» **Work instructions**:
Your answer should be one number, the count of lines in the entries holding the word "forall".

Items listed in a dataset:
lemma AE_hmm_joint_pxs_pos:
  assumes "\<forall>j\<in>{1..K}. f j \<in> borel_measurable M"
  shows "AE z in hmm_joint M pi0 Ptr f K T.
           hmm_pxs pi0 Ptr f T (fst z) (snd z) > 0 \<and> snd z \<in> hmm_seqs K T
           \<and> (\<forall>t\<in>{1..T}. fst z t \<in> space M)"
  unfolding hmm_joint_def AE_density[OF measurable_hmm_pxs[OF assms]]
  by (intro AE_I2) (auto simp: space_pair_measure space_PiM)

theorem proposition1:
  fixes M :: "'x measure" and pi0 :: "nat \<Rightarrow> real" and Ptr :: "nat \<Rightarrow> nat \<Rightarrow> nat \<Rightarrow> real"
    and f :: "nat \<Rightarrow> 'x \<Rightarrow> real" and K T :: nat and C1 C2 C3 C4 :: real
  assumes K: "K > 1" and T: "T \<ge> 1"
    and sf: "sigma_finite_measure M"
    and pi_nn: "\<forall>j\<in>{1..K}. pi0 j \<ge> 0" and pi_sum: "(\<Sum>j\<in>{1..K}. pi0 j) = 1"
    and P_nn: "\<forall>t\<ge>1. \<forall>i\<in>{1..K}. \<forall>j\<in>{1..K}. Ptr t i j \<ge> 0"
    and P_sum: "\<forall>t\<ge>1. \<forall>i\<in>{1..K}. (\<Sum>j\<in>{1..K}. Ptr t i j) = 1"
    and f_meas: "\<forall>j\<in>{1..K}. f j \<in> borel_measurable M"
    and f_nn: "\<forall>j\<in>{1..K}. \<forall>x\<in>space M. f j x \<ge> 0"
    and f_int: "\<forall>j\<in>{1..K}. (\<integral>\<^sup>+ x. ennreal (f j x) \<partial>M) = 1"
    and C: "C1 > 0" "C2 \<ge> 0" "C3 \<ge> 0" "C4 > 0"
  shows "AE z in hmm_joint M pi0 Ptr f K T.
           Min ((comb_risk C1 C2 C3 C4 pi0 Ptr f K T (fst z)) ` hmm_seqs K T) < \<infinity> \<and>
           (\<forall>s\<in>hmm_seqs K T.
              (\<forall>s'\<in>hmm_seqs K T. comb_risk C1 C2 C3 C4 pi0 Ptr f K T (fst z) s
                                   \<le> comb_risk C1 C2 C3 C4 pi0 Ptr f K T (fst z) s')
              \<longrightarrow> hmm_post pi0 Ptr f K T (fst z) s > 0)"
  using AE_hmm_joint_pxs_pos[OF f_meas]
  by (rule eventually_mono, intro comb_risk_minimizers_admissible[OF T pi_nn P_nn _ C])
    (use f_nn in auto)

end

==

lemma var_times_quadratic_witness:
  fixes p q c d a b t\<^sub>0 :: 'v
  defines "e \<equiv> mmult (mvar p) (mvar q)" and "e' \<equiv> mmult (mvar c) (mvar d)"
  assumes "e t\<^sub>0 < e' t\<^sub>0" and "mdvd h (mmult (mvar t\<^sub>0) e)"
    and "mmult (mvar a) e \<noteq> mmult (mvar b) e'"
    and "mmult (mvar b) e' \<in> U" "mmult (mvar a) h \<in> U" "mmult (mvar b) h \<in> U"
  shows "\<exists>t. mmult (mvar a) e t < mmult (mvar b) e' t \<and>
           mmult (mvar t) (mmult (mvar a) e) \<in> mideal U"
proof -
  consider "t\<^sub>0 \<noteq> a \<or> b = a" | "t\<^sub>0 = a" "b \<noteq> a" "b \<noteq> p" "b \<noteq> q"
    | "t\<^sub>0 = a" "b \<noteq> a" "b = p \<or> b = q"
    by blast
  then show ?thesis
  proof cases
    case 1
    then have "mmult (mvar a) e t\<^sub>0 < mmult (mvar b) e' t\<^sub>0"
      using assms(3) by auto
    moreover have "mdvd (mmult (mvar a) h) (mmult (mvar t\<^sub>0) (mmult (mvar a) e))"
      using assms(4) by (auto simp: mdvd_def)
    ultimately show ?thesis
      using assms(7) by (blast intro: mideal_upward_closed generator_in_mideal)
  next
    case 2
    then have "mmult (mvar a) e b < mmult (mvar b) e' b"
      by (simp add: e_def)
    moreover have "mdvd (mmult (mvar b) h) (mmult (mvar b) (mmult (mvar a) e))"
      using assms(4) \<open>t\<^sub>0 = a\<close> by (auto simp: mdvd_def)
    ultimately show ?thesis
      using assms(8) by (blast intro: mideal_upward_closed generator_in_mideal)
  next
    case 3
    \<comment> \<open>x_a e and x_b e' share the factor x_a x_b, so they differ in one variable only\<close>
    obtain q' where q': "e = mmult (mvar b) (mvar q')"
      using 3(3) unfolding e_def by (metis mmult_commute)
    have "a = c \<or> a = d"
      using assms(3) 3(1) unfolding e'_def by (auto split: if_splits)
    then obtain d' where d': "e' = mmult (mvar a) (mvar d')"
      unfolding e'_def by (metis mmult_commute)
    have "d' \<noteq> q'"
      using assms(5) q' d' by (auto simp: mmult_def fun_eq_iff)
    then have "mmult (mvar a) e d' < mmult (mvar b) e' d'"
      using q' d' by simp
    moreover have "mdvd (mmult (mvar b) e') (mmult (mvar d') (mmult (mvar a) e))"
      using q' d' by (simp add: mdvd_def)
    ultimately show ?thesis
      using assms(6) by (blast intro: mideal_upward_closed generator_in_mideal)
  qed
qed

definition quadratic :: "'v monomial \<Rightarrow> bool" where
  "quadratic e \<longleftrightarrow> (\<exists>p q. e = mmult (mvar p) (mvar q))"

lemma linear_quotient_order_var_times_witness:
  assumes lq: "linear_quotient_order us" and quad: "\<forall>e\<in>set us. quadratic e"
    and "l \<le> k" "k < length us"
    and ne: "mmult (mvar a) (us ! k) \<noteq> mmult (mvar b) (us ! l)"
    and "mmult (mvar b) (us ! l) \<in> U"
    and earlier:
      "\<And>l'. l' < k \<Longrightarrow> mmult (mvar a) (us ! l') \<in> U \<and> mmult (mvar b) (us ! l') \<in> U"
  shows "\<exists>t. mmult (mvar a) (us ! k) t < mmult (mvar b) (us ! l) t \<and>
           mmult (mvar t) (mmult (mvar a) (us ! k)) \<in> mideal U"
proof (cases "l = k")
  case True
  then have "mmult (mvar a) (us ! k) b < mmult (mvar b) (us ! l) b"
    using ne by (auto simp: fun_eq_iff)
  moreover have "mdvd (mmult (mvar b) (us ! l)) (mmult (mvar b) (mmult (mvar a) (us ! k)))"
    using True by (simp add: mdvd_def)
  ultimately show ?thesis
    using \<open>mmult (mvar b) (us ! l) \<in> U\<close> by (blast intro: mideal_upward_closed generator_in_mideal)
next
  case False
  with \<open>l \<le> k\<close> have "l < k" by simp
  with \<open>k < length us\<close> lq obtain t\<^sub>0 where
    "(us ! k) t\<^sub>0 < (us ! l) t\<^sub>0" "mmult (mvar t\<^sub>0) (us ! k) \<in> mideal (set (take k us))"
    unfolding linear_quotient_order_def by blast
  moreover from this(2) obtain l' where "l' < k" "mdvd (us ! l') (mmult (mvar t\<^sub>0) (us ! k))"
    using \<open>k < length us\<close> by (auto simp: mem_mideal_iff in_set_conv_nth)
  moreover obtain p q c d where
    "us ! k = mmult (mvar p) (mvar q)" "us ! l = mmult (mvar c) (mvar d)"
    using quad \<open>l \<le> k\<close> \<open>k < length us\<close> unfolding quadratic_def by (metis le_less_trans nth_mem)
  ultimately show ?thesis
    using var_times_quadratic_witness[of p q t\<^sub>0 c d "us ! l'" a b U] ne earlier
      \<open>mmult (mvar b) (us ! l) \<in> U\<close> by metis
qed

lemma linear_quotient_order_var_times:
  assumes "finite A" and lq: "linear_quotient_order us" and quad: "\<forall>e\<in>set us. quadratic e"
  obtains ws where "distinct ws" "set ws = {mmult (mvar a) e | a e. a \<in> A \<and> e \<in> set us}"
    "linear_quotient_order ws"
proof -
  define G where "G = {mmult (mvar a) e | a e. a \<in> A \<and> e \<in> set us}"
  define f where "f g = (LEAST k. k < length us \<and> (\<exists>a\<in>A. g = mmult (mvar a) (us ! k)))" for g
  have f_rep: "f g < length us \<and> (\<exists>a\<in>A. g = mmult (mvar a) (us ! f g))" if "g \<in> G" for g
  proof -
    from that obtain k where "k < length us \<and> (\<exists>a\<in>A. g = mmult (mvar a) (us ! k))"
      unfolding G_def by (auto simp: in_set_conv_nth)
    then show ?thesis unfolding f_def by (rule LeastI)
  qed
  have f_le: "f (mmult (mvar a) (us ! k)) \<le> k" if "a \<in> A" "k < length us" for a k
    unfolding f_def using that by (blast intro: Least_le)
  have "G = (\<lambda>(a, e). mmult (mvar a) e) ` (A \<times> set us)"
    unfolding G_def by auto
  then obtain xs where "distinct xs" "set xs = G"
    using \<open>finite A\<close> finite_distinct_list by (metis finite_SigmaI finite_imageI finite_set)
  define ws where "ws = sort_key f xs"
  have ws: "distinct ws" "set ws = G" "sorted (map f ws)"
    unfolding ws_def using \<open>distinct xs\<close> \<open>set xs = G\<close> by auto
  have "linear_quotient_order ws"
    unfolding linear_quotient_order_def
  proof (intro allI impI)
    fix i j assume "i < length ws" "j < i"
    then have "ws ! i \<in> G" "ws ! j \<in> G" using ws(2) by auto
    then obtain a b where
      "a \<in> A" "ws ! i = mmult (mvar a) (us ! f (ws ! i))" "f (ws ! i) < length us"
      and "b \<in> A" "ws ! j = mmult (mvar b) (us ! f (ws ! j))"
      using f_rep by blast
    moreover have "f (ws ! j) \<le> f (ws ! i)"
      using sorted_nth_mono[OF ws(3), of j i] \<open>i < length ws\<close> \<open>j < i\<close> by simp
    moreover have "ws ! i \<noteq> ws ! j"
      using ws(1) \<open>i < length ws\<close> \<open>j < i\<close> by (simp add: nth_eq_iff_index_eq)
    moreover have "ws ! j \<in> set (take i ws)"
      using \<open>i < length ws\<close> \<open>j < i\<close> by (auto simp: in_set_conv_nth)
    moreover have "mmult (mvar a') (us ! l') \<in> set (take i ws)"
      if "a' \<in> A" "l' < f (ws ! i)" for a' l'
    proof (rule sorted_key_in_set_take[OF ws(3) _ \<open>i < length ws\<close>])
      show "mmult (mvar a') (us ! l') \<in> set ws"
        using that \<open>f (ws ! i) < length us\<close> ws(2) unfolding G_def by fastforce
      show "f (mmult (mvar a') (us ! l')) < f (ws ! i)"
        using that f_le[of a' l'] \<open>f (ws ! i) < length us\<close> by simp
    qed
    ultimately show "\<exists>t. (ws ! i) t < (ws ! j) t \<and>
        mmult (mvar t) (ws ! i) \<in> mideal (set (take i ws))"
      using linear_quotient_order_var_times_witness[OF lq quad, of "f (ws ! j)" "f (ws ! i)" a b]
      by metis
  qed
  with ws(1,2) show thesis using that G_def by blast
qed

» **Answer box**:
12